WHAT IS EXPECTED
In the entries below, how many lines hold the string "times"? Give only the number.

Stored items

::::::

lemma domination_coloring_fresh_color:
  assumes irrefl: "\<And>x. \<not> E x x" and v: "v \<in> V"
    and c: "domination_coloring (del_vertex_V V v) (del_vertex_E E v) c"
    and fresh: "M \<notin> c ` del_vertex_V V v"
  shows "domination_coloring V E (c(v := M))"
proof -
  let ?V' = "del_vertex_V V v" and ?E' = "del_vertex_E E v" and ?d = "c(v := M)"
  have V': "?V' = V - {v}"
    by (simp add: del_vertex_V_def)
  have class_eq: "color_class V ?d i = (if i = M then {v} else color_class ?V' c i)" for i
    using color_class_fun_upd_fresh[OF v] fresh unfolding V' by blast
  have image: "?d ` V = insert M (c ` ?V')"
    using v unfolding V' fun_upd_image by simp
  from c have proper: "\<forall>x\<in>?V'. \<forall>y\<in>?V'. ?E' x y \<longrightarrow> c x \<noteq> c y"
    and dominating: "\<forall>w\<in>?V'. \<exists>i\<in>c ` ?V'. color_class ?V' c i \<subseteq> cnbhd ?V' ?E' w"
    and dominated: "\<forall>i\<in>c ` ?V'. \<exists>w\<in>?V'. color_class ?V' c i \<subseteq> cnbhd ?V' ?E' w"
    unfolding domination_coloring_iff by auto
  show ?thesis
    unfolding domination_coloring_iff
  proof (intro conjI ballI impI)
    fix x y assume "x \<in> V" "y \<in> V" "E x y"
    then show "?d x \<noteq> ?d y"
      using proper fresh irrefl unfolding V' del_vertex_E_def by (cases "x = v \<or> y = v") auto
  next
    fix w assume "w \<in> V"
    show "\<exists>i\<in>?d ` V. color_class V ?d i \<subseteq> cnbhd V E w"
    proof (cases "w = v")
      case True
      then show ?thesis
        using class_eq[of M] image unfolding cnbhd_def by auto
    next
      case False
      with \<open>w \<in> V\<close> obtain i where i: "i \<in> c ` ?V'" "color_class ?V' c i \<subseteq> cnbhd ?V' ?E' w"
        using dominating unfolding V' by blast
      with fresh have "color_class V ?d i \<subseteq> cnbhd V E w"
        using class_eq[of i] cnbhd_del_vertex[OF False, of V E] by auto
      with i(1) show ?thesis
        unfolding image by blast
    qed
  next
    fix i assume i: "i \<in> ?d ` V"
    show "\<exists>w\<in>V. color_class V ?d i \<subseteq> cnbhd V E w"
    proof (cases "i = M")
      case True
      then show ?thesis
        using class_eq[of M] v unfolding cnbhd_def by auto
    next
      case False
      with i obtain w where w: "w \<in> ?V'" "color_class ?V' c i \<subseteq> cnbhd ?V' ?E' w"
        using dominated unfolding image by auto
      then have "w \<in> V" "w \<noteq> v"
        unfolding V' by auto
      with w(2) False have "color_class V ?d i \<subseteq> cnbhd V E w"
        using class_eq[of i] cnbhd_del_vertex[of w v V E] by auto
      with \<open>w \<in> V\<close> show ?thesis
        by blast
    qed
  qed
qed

::::::

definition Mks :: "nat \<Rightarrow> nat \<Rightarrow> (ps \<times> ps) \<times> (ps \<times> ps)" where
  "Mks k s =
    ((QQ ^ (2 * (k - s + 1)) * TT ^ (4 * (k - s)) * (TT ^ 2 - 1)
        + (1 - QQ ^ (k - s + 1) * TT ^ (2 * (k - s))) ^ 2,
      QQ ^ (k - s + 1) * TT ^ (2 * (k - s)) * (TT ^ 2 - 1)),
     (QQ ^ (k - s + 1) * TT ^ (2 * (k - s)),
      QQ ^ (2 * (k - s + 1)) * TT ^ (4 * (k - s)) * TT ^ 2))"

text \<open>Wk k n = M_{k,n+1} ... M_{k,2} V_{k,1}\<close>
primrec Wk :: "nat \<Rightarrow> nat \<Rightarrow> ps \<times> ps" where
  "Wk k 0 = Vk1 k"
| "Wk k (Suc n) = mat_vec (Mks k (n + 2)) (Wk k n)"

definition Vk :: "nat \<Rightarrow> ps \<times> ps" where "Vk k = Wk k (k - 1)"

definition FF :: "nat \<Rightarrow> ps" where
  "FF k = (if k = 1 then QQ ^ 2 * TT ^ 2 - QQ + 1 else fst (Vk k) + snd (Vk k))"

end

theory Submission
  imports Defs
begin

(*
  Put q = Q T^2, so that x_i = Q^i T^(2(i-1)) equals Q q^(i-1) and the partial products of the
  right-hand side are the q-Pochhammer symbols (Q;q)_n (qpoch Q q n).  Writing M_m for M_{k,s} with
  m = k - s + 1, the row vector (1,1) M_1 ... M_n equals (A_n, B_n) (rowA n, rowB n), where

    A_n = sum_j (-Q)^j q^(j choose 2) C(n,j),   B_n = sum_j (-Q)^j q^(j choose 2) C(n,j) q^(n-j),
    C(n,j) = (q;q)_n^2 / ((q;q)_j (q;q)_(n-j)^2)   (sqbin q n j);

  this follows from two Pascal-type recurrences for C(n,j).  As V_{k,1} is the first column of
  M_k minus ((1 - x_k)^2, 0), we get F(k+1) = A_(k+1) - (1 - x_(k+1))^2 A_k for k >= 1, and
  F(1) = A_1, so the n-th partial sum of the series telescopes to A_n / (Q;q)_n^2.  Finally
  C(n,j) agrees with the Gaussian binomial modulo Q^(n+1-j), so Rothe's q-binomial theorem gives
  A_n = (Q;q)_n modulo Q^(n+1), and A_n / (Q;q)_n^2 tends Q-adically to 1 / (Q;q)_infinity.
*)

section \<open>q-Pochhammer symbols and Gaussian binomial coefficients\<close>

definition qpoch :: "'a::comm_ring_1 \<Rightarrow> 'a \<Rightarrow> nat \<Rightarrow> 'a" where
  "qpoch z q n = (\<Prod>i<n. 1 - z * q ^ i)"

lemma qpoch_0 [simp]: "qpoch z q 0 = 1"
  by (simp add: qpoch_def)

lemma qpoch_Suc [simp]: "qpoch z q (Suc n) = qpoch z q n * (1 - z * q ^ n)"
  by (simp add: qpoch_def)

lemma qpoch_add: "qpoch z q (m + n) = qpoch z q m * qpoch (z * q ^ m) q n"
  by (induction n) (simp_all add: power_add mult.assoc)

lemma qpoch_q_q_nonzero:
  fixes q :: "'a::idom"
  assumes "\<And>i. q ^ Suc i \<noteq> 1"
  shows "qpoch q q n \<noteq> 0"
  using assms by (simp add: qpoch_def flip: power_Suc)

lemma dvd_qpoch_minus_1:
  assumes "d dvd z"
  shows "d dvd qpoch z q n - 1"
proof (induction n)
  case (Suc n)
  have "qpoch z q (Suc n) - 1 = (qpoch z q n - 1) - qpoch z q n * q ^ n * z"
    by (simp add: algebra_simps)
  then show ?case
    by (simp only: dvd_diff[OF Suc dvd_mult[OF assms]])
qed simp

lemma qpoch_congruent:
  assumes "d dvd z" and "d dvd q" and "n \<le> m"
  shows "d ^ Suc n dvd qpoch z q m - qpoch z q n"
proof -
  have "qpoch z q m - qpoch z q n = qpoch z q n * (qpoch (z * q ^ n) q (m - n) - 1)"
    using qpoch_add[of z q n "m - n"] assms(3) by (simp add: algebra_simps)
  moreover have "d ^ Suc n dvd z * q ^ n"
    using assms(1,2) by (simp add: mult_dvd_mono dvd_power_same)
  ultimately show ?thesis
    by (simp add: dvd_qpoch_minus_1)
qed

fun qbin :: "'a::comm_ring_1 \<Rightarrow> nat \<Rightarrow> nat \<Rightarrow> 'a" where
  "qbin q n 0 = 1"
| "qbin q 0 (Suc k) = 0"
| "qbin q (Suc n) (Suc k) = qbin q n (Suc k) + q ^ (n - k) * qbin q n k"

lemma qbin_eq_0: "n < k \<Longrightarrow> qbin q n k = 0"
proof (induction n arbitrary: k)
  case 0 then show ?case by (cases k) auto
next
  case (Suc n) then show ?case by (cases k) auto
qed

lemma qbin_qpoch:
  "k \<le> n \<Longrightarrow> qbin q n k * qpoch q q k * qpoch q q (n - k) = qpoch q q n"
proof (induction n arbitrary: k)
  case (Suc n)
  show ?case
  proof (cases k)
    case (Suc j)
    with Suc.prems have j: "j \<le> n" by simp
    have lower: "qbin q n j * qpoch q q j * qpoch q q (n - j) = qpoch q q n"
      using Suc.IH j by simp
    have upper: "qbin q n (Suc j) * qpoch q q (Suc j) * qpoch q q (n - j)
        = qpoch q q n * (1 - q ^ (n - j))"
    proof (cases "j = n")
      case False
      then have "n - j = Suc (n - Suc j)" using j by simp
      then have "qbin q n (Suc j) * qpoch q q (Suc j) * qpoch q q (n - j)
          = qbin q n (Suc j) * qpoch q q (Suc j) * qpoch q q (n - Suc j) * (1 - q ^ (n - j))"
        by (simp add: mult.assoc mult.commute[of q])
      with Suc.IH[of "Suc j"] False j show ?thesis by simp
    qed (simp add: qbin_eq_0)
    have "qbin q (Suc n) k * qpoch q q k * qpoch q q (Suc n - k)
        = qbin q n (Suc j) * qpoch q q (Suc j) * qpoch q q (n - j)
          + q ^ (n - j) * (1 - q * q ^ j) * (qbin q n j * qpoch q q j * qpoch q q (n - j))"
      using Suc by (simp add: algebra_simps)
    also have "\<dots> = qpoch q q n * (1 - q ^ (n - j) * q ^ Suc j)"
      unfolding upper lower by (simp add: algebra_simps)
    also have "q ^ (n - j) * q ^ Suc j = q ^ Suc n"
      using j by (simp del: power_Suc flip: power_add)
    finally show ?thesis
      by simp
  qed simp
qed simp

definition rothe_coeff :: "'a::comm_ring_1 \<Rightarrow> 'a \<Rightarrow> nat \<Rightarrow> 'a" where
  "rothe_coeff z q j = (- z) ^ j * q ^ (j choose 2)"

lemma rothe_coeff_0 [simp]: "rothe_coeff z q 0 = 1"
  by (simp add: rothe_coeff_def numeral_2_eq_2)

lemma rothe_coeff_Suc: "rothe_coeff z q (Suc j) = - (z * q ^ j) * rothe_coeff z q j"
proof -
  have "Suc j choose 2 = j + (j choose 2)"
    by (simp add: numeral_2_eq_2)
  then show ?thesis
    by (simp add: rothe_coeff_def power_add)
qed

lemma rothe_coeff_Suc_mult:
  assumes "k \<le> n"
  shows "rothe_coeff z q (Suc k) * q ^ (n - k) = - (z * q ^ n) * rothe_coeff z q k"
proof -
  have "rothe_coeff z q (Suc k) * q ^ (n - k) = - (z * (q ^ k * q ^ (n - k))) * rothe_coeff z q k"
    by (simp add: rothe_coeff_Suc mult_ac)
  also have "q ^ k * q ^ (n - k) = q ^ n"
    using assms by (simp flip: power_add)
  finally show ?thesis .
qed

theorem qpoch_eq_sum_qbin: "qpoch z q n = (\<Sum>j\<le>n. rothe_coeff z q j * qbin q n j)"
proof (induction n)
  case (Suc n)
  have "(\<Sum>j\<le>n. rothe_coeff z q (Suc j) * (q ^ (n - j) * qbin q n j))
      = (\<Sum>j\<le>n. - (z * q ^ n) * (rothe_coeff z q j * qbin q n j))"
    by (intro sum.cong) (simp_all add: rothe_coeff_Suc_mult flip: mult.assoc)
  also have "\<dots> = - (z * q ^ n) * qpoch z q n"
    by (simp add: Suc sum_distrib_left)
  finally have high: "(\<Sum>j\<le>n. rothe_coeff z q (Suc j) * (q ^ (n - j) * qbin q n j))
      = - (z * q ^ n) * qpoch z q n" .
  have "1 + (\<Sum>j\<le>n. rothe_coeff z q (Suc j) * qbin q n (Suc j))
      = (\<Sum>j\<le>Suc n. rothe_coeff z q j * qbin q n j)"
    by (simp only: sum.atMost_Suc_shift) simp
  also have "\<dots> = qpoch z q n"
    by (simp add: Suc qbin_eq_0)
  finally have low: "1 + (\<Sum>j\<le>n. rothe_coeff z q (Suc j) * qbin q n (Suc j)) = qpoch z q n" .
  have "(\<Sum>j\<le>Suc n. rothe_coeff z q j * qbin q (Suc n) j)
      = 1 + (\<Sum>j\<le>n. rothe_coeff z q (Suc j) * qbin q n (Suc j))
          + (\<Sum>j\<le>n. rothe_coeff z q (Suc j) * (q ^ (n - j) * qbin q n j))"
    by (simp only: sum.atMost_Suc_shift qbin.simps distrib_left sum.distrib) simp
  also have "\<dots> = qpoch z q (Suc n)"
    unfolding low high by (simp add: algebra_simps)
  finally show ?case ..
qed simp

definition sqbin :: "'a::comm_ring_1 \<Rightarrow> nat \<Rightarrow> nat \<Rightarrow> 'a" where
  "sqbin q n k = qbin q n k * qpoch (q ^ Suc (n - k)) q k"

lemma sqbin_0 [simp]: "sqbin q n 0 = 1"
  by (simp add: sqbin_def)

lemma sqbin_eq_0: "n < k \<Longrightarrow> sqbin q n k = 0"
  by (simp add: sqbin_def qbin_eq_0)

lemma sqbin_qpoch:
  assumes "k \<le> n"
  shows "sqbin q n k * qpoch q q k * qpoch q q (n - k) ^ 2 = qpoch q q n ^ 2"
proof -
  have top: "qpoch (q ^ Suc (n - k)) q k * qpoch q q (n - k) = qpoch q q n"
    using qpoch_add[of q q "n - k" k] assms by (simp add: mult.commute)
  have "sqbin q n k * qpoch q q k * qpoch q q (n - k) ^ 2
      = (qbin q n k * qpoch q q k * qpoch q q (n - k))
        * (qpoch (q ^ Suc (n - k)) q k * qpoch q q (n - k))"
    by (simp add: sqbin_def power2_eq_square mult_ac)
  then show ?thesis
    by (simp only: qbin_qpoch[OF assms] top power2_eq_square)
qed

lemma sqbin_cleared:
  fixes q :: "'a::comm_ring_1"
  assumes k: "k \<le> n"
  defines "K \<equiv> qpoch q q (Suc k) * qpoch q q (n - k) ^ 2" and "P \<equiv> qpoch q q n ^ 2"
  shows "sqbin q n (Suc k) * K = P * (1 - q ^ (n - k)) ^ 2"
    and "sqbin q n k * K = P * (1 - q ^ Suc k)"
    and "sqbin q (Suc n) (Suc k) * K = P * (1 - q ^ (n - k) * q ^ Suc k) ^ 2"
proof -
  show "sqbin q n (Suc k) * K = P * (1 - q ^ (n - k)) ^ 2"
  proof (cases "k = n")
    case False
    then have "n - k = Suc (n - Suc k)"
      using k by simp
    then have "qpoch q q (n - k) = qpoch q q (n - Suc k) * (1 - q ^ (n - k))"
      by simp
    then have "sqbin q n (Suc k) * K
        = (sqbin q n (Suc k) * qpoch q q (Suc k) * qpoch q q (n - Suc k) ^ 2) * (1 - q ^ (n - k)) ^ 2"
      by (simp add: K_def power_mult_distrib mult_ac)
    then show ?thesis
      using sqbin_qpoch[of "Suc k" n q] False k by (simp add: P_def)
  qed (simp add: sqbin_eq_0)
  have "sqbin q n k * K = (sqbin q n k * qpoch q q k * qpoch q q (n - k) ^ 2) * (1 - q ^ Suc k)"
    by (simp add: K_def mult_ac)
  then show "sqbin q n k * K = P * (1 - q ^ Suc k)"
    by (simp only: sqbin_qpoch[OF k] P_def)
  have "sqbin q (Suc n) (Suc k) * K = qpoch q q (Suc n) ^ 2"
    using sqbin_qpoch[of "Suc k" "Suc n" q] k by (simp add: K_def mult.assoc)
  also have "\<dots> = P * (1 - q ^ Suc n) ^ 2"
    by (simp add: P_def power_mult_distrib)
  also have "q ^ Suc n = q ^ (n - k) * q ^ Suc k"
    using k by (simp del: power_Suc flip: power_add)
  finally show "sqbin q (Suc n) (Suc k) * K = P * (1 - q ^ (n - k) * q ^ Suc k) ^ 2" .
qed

::::::

RESULT FOR THIS EXERCISE
3